For this practical, we will be using text mined through the Gutenberg Project; briefly this project contains over 60,000 freely accessible eBooks, which through the package gutenberger, can be easily accessed and perfect for text mining and analysis.

During this practical, we will be looking at several books from the late 1800s, in the mindset to compare and contrast the use of language within them. These books include:

  • Alice’s Adventures in Wonderland by Lewis Carroll
  • The Picture of Dorian Gray by Oscar Wilde
  • Dracula by Bram Stoker
  • The Strange Case of Dr. Jekyll and Mr. Hyde by Robert Louis Stevenson

Despite being from the late 1800s, these books still are popular and hold cultural significance in TV, Movies and the English Language. To access this novel suitable for this practical the following function should be used:

AAIWL <- gutenberg_download(28885) # 28885 is the eBook number of Alice in Wonderland
PODG <- gutenberg_download(174) # 174 is the eBook number of The Picture of Dorian Gray
Drac <- gutenberg_download(345) # 345 is the eBook number of Dracula
SCJH <- gutenberg_download(43) # 43 is the eBook number of Dr. Jekyll and Mr. Hyde

After having loaded all of these books into your working directory (using the code above), examine one of these books using the View() function. When you view any of these data frames, you will see that these have an extremely messy layout and structure. As a result of this complex structure means that conducting any analysis would be extremely challenging, so pre-processing must be undertaken to get this into a format which is usable.

Pre-Processing Text

In order for text to be used effectively within statistical processing and analysis; it must be pre-processed so that it can be uniformly examined. In general the major steps of pre-processing include:

  • Removing numbers
  • Removing capital letters
  • Removing stop words
  • Removing inter-punctuation
  • Application of a stemming algorithm

These steps are important as this allows the text to be presented uniformly for analysis; within this practical we will discuss how to undergo each of these steps using the tidytext package, with the exception of stemming.

Step 1: Un-nesting Text

When we previously looked at this text, as we discovered it was extremely messy with it being attached one line per row in the data frame. As such, it is important to un-nest this text so that it attaches one word per row.

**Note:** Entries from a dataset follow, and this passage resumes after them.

lemma card_fmap:
  assumes "\<omega> \<subseteq> E"
  shows "card (fmap V E \<omega>) = 2 ^ kappa V \<omega>"
  using bij_betw_same_card[OF bij_betw_spread_fmap[OF assms]] finite_clusters
  by (simp add: kappa_def card_PiE numeral_2_eq_2)

lemma card_fmap_pos:
  assumes "\<omega> \<subseteq> E"
  shows "card (fmap V E \<omega>) > 0"
  using card_fmap[OF assms] by simp

lemma cluster_sign_law_eq:
  assumes "\<omega> \<subseteq> E"
  shows "cluster_sign_law V \<omega> \<sigma> = (if \<sigma> \<in> fmap V E \<omega> then 1 else 0) / real (card (fmap V E \<omega>))"
proof -
  note bij = bij_betw_spread_fmap[OF assms]
  have "card {s \<in> clusters V \<omega> \<rightarrow>\<^sub>E {-1, 1}. spread V \<omega> s = \<sigma>} = (if \<sigma> \<in> fmap V E \<omega> then 1 else 0)"
  proof (cases "\<sigma> \<in> fmap V E \<omega>")
    case True
    then have "\<sigma> \<in> spread V \<omega> ` (clusters V \<omega> \<rightarrow>\<^sub>E {-1, 1})"
      using bij by (simp add: bij_betw_def)
    then obtain s0 where "s0 \<in> clusters V \<omega> \<rightarrow>\<^sub>E {-1, 1}" "spread V \<omega> s0 = \<sigma>"
      by (rule imageE) simp
    moreover have "s = s0" if "s \<in> clusters V \<omega> \<rightarrow>\<^sub>E {-1, 1}" "spread V \<omega> s = \<sigma>" for s
      using inj_onD[OF bij_betw_imp_inj_on[OF bij]] that \<open>s0 \<in> _\<close> \<open>spread V \<omega> s0 = \<sigma>\<close> by simp
    ultimately have "{s \<in> clusters V \<omega> \<rightarrow>\<^sub>E {-1, 1}. spread V \<omega> s = \<sigma>} = {s0}"
      by blast
    with True show ?thesis by simp
  next
    case False
    then have "{s \<in> clusters V \<omega> \<rightarrow>\<^sub>E {-1, 1}. spread V \<omega> s = \<sigma>} = {}"
      using spread_in_fmap[OF assms] by blast
    then show ?thesis
      using False by (simp only: card.empty if_False)
  qed
  then show ?thesis
    unfolding cluster_sign_law_def bij_betw_same_card[OF bij] by simp
qed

Before un-nesting text, it is useful to make a note of aspects such as the line which text is on, and the chapter each line falls within. This can be important when examining anthologies or making chapter comparisons as this can be specified within the analysis.

In order to specify the line number and chapter of the text, it is possible to use the mutuate function from the dplyr package.

  1. Apply the code below, which uses the mutate function, to add line numbers and chapter references one of the books. Next, use the View() function to examine how this has changed the structure.

# Template: 

tidy_[BOOKNAME] <- [BOOKNAME] %>%
  mutate(linenumber = row_number(),
         chapter = cumsum(str_detect(text, regex("^chapter [\\divxlc]",
                                                 ignore_case = TRUE))))

From this, it is now possible to pass the function unnest_tokens() in order to split apart the sentence string, and apply each word to a new line. When using this function, you simply need to pass the arguments, word (as this is what you want selecting) and text (the name of the column you want to unnest).

  1. Apply unnest_tokens to your tidied book to unnest this text. Next, once again use the View() function to examine the output.

Hint: As with Question 1, ensure to use the piping operator (%>%) to easily apply the function.

This results in one word being linked per row of the data frame. The benefit of using the tidytext package in comparison to other text mining packages, is that this automatically applies some of the basic steps to pre-process your text, including removing of capital letters, inter-word punctuation and numbers. However additional pre-processing is required.

Intermezzo: word clouds

Before continuing the pre-processing process, let’s have a first look at our text by making a simple visualization using word clouds. Typically these word clouds visualize the frequency of words in a text through relating the size of the displayed words to frequency, with the largest words indicating the most common words.

To plot word clouds, we first have to create a data frame containing the word frequencies.

  1. Create a new data frame, which contains the frequencies of words from the unnested text. To do this, you can make use of the function count().

Hint: As with Question 1, ensure to use the piping operator (%>%) to easily apply the function.

  1. Using the wordcloud() function, create a word cloud for your book text. Use the argument max.words within the function to set the maximum number of words to be displayed in the word cloud.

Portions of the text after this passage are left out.